lemma grid_approx_error: "\<bar>grid_approx f N \<mu> - f \<mu>\<bar> \<le> 1 / real (Suc N)"
proof -
  define k where "k = real (Suc N)"
  have k: "k > 0" by (simp add: k_def)
  have lower: "of_int \<lfloor>k * f \<mu>\<rfloor> \<le> k * f \<mu>" and upper: "k * f \<mu> - 1 < of_int \<lfloor>k * f \<mu>\<rfloor>"
    by linarith+
  have "f \<mu> - 1 / k = (k * f \<mu> - 1) / k" using k by (simp add: field_simps)
  also have "\<dots> \<le> of_int \<lfloor>k * f \<mu>\<rfloor> / k" using upper k by (intro divide_right_mono) auto
  finally have "f \<mu> - 1 / k \<le> of_int \<lfloor>k * f \<mu>\<rfloor> / k" .
  moreover have "of_int \<lfloor>k * f \<mu>\<rfloor> / k \<le> f \<mu>" using lower k by (simp add: divide_le_eq mult.commute)
  ultimately show ?thesis by (simp add: grid_approx_def k_def abs_le_iff)
qed

lemma grid_approx_tendsto: "(\<lambda>N. grid_approx f N \<mu>) \<longlonglongrightarrow> f \<mu>"
proof -
  have "(\<lambda>N. grid_approx f N \<mu> - f \<mu>) \<longlonglongrightarrow> 0"
  proof (rule Lim_null_comparison)
    show "(\<lambda>N. 1 / real (Suc N)) \<longlonglongrightarrow> 0"
      by (rule LIMSEQ_Suc[OF lim_const_over_n[of 1]])
    show "\<forall>\<^sub>F N in sequentially. norm (grid_approx f N \<mu> - f \<mu>) \<le> 1 / real (Suc N)"
      by (intro always_eventually allI) (simp only: real_norm_def grid_approx_error)
  qed
  then show ?thesis by (simp add: LIM_zero_cancel)
qed

lemma borel_measurable_grid_approx [measurable]:
  assumes [measurable]: "f \<in> borel_measurable borel"
  shows "grid_approx f N \<in> borel_measurable borel"
  unfolding grid_approx_def by measurable

lemma grid_approx_bound: "(\<And>\<mu>. \<bar>f \<mu>\<bar> \<le> K) \<Longrightarrow> \<bar>grid_approx f N \<mu>\<bar> \<le> K + 1"
proof -
  have "1 / real (Suc N) \<le> 1" by simp
  then show "\<bar>grid_approx f N \<mu>\<bar> \<le> K + 1" if "\<And>\<mu>. \<bar>f \<mu>\<bar> \<le> K"
    using grid_approx_error[of f N \<mu>] that[of \<mu>] by linarith
qed

lemma finite_range_grid_approx:
  assumes "\<And>\<mu>. \<bar>f \<mu>\<bar> \<le> K"
  shows "finite (range (grid_approx f N))"
proof -
  define k where "k = real (Suc N)"
  have "range (grid_approx f N) \<subseteq> (\<lambda>i. of_int i / k) ` {\<lfloor>- (k * K)\<rfloor> .. \<lfloor>k * K\<rfloor>}"
  proof
    fix y assume "y \<in> range (grid_approx f N)"
    then obtain \<mu> where y: "y = of_int \<lfloor>k * f \<mu>\<rfloor> / k" by (auto simp: grid_approx_def k_def)
    have "k > 0" by (simp add: k_def)
    moreover have "- K \<le> f \<mu>" "f \<mu> \<le> K" using assms[of \<mu>] by auto
    ultimately have "- (k * K) \<le> k * f \<mu>" "k * f \<mu> \<le> k * K"
      using mult_left_mono[of "- K" "f \<mu>" k] mult_left_mono[of "f \<mu>" K k] by simp_all
    then have "\<lfloor>k * f \<mu>\<rfloor> \<in> {\<lfloor>- (k * K)\<rfloor> .. \<lfloor>k * K\<rfloor>}" by (auto intro: floor_mono)
    then show "y \<in> (\<lambda>i. of_int i / k) ` {\<lfloor>- (k * K)\<rfloor> .. \<lfloor>k * K\<rfloor>}" using y by auto
  qed
  then show ?thesis by (rule finite_subset) auto
qed

lemma bounded_borel_grid_approx:
  assumes "bounded_borel f"
  shows "grid_approx f N \<in> borel_measurable borel" "finite (range (grid_approx f N))"
  using assms by (auto elim!: bounded_borelE intro: finite_range_grid_approx)

definition trunc_id :: "nat \<Rightarrow> real \<Rightarrow> real" where
  "trunc_id n = (\<lambda>\<mu>. \<mu> * indicator {- real n..real n} \<mu>)"

lemma borel_measurable_trunc_id [measurable]: "trunc_id n \<in> borel_measurable borel"
  unfolding trunc_id_def by measurable

lemma abs_trunc_id_le_n: "\<bar>trunc_id n \<mu>\<bar> \<le> real n"
  unfolding trunc_id_def by (auto simp: indicator_def abs_le_iff)

lemma abs_trunc_id_le: "\<bar>trunc_id n \<mu>\<bar> \<le> \<bar>\<mu>\<bar>"
  unfolding trunc_id_def by (auto simp: indicator_def)

lemma abs_trunc_id_mono: "m \<le> n \<Longrightarrow> \<bar>trunc_id m \<mu>\<bar> \<le> \<bar>trunc_id n \<mu>\<bar>"
  unfolding trunc_id_def by (auto simp: indicator_def)

lemma bounded_borel_trunc_id: "bounded_borel (trunc_id n)"
  unfolding bounded_borel_def using abs_trunc_id_le_n by auto

lemma bounded_borel_abs_trunc_id: "bounded_borel (\<lambda>\<mu>. \<bar>trunc_id n \<mu>\<bar>)"
  unfolding bounded_borel_def using abs_trunc_id_le_n by auto

lemma trunc_id_eq: "\<bar>\<mu>\<bar> \<le> real n \<Longrightarrow> trunc_id n \<mu> = \<mu>"
  unfolding trunc_id_def by (auto simp: indicator_def abs_le_iff)

lemma eventually_trunc_id_eq: "eventually (\<lambda>n. trunc_id n \<mu> = \<mu>) sequentially"
proof -
  obtain N where "\<bar>\<mu>\<bar> \<le> real N" using real_arch_simple by blast
  then show ?thesis
    unfolding eventually_sequentially by (metis order.trans of_nat_le_iff trunc_id_eq)
qed

lemma trunc_id_tendsto: "(\<lambda>n. trunc_id n \<mu>) \<longlonglongrightarrow> \<mu>"
  using eventually_trunc_id_eq by (rule tendsto_eventually)

lemma trunc_id_diff_sq_le_tail:
  assumes "N \<le> m" "N \<le> n"
  shows "(trunc_id m \<mu> - trunc_id n \<mu>)\<^sup>2 \<le> \<mu>\<^sup>2 * indicator {\<mu>. real N < \<bar>\<mu>\<bar>} \<mu>"
proof (cases "\<bar>\<mu>\<bar> \<le> real N")
  case True
  with assms have "\<bar>\<mu>\<bar> \<le> real m" "\<bar>\<mu>\<bar> \<le> real n" by linarith+
  then show ?thesis by (simp add: trunc_id_eq)
next
  case False
  then show ?thesis unfolding trunc_id_def by (auto simp: indicator_def power2_eq_square)
qed

subsection \<open>Spectral measures and their scalar measures\<close>

locale spectral =
  fixes E :: "real set \<Rightarrow> 'a::{real_inner,complete_space} \<Rightarrow> 'a"
  assumes spectral_measure_E: "spectral_measure E"
begin

lemma bounded_linear_proj: "S \<in> sets borel \<Longrightarrow> bounded_linear (E S)"
  using spectral_measure_E unfolding spectral_measure_def by blast

lemma proj_self_adjoint: "S \<in> sets borel \<Longrightarrow> inner (E S x) y = inner x (E S y)"
  using spectral_measure_E unfolding spectral_measure_def by blast

lemma proj_proj: "S \<in> sets borel \<Longrightarrow> T \<in> sets borel \<Longrightarrow> E S (E T x) = E (S \<inter> T) x"
  using spectral_measure_E unfolding spectral_measure_def by blast

lemma proj_UNIV: "E UNIV x = x"
  using spectral_measure_E unfolding spectral_measure_def by blast

lemma proj_sums:
  "range F \<subseteq> sets borel \<Longrightarrow> disjoint_family F \<Longrightarrow> (\<lambda>n. E (F n) x) sums E (\<Union>n. F n) x"
  using spectral_measure_E unfolding spectral_measure_def by blast

lemma proj_add: "S \<in> sets borel \<Longrightarrow> E S (x + y) = E S x + E S y"
  using bounded_linear_proj[THEN bounded_linear.linear] by (simp add: linear_add)

lemma proj_diff: "S \<in> sets borel \<Longrightarrow> E S (x - y) = E S x - E S y"
  using bounded_linear_proj[THEN bounded_linear.linear] by (simp add: linear_diff)

lemma proj_empty: "E {} x = 0"
proof -
  have "(\<lambda>n::nat. E {} x) sums E {} x"
    using proj_sums[of "\<lambda>_. {}" x] by (simp add: disjoint_family_on_def)
  then have "(\<lambda>n::nat. E {} x) \<longlonglongrightarrow> 0" by (simp add: sums_iff summable_LIMSEQ_zero)
  then show ?thesis using LIMSEQ_const_iff by blast
qed

lemma inner_proj_proj: "S \<in> sets borel \<Longrightarrow> inner (E S x) y = inner (E S x) (E S y)"
  by (metis proj_self_adjoint proj_proj Int_absorb)

lemma inner_proj_self: "S \<in> sets borel \<Longrightarrow> inner (E S x) x = (norm (E S x))\<^sup>2"
  by (metis inner_proj_proj power2_norm_eq_inner)

lemma proj_orthogonal:
  "S \<in> sets borel \<Longrightarrow> T \<in> sets borel \<Longrightarrow> S \<inter> T = {} \<Longrightarrow> inner (E S x) (E T y) = 0"
  by (metis proj_empty proj_proj proj_self_adjoint inner_zero_right)

lemma norm_proj_sums:
  assumes "range F \<subseteq> sets borel" "disjoint_family F"
  shows "(\<lambda>n. (norm (E (F n) x))\<^sup>2) sums (norm (E (\<Union>n. F n) x))\<^sup>2"
proof -
  have "(\<lambda>n. \<Sum>i<n. E (F i) x) \<longlonglongrightarrow> E (\<Union>n. F n) x"
    using proj_sums[OF assms] by (simp add: sums_def)
  then have "(\<lambda>n. (norm (\<Sum>i<n. E (F i) x))\<^sup>2) \<longlonglongrightarrow> (norm (E (\<Union>n. F n) x))\<^sup>2"
    by (intro tendsto_intros)
  moreover have "(norm (\<Sum>i<n. E (F i) x))\<^sup>2 = (\<Sum>i<n. (norm (E (F i) x))\<^sup>2)" for n
  proof (rule norm_sum_Pythagorean)
    show "pairwise (\<lambda>i j. orthogonal (E (F i) x) (E (F j) x)) {..<n}"
      using assms proj_orthogonal unfolding pairwise_def orthogonal_def disjoint_family_on_def
      by (metis UNIV_I image_subset_iff)
  qed simp
  ultimately show ?thesis by (simp add: sums_def)
qed

lemma sets_spec_meas [simp]: "sets (spec_meas E x) = sets borel"
  unfolding spec_meas_def by (simp add: sets_measure_of sets.sigma_sets_eq[of borel, simplified])

lemma space_spec_meas [simp]: "space (spec_meas E x) = UNIV"
  unfolding spec_meas_def by (simp add: space_measure_of_conv)

lemma emeasure_spec_meas:
  "S \<in> sets borel \<Longrightarrow> emeasure (spec_meas E x) S = ennreal ((norm (E S x))\<^sup>2)"
  unfolding spec_meas_def
proof (rule emeasure_measure_of_sigma)
  show "sigma_algebra UNIV (sets borel)"
    using sets.sigma_algebra_axioms[of borel] by simp
  show "positive (sets borel) (\<lambda>S. ennreal ((norm (E S x))\<^sup>2))"
    by (simp add: positive_def proj_empty)
  show "countably_additive (sets borel) (\<lambda>S. ennreal ((norm (E S x))\<^sup>2))"
    unfolding countably_additive_def
  proof (intro allI impI)
    fix A :: "nat \<Rightarrow> real set"
    assume "range A \<subseteq> sets borel" "disjoint_family A"
    from norm_proj_sums[OF this]
    show "(\<Sum>i. ennreal ((norm (E (A i) x))\<^sup>2)) = ennreal ((norm (E (\<Union> (range A)) x))\<^sup>2)"
      by (subst suminf_ennreal2) (auto simp: sums_iff)
  qed
qed

lemma measure_spec_meas: "S \<in> sets borel \<Longrightarrow> measure (spec_meas E x) S = (norm (E S x))\<^sup>2"
  by (simp add: measure_def emeasure_spec_meas)

lemma finite_measure_spec_meas: "finite_measure (spec_meas E x)"
  by (rule finite_measureI) (simp add: emeasure_spec_meas[of UNIV, simplified])

lemma measure_spec_meas_UNIV: "measure (spec_meas E x) UNIV = (norm x)\<^sup>2"
  by (simp add: measure_spec_meas proj_UNIV)

lemma borel_measurable_spec_meas:
  "f \<in> borel_measurable borel \<Longrightarrow> f \<in> borel_measurable (spec_meas E x)"
  by (simp add: measurable_cong_sets[OF sets_spec_meas refl])

lemma integrable_spec_meas_bounded:
  fixes f :: "real \<Rightarrow> real"
  assumes "f \<in> borel_measurable borel" "\<And>\<mu>. \<bar>f \<mu>\<bar> \<le> K"
  shows "integrable (spec_meas E x) f"
proof (rule finite_measure.integrable_const_bound[OF finite_measure_spec_meas, of f K])
  show "AE \<mu> in spec_meas E x. norm (f \<mu>) \<le> K" using assms(2) by simp
  show "f \<in> borel_measurable (spec_meas E x)" using assms(1) by (rule borel_measurable_spec_meas)
qed

lemma integrable_spec_meas_const: "integrable (spec_meas E x) (\<lambda>\<mu>. C :: real)"
  by (rule integrable_spec_meas_bounded[of _ "\<bar>C\<bar>"]) auto

lemma integrable_spec_meas_bounded_borel:
  "bounded_borel f \<Longrightarrow> integrable (spec_meas E x) f"
  by (auto elim!: bounded_borelE intro: integrable_spec_meas_bounded)

lemma spec_integral_dominated_convergence:
  fixes f w :: "real \<Rightarrow> real" and s :: "nat \<Rightarrow> real \<Rightarrow> real"
  assumes "f \<in> borel_measurable borel" "\<And>i. s i \<in> borel_measurable borel"
    "integrable (spec_meas E x) w" "\<And>\<mu>. (\<lambda>i. s i \<mu>) \<longlonglongrightarrow> f \<mu>" "\<And>i \<mu>. \<bar>s i \<mu>\<bar> \<le> w \<mu>"
  shows "(\<lambda>i. integral\<^sup>L (spec_meas E x) (s i)) \<longlonglongrightarrow> integral\<^sup>L (spec_meas E x) f"
proof (rule integral_dominated_convergence[where w=w])
  show "f \<in> borel_measurable (spec_meas E x)" by (rule borel_measurable_spec_meas[OF assms(1)])
  show "\<And>i. s i \<in> borel_measurable (spec_meas E x)" by (rule borel_measurable_spec_meas[OF assms(2)])
qed (use assms in auto)

lemma spec_pair_int_diff:
  assumes "bounded_borel f" "bounded_borel g"
  shows "spec_pair_int E (\<lambda>\<mu>. f \<mu> - g \<mu>) x z = spec_pair_int E f x z - spec_pair_int E g x z"
  unfolding spec_pair_int_def
  using integrable_spec_meas_bounded_borel[OF assms(1)] integrable_spec_meas_bounded_borel[OF assms(2)]
  by (simp add: integral_diff diff_divide_distrib)

subsection \<open>Functional calculus\<close>

definition simple_fcalc :: "(real \<Rightarrow> real) \<Rightarrow> 'a \<Rightarrow> 'a" where
  "simple_fcalc g x = (\<Sum>c\<in>range g. c *\<^sub>R E (g -` {c}) x)"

====

* REQUIREMENT
Extract every line of the records above that contains the word "close".

* SOLUTION FOR THIS TASK
subsection \<open>Spectral measures and their scalar measures\<close>
subsection \<open>Functional calculus\<close>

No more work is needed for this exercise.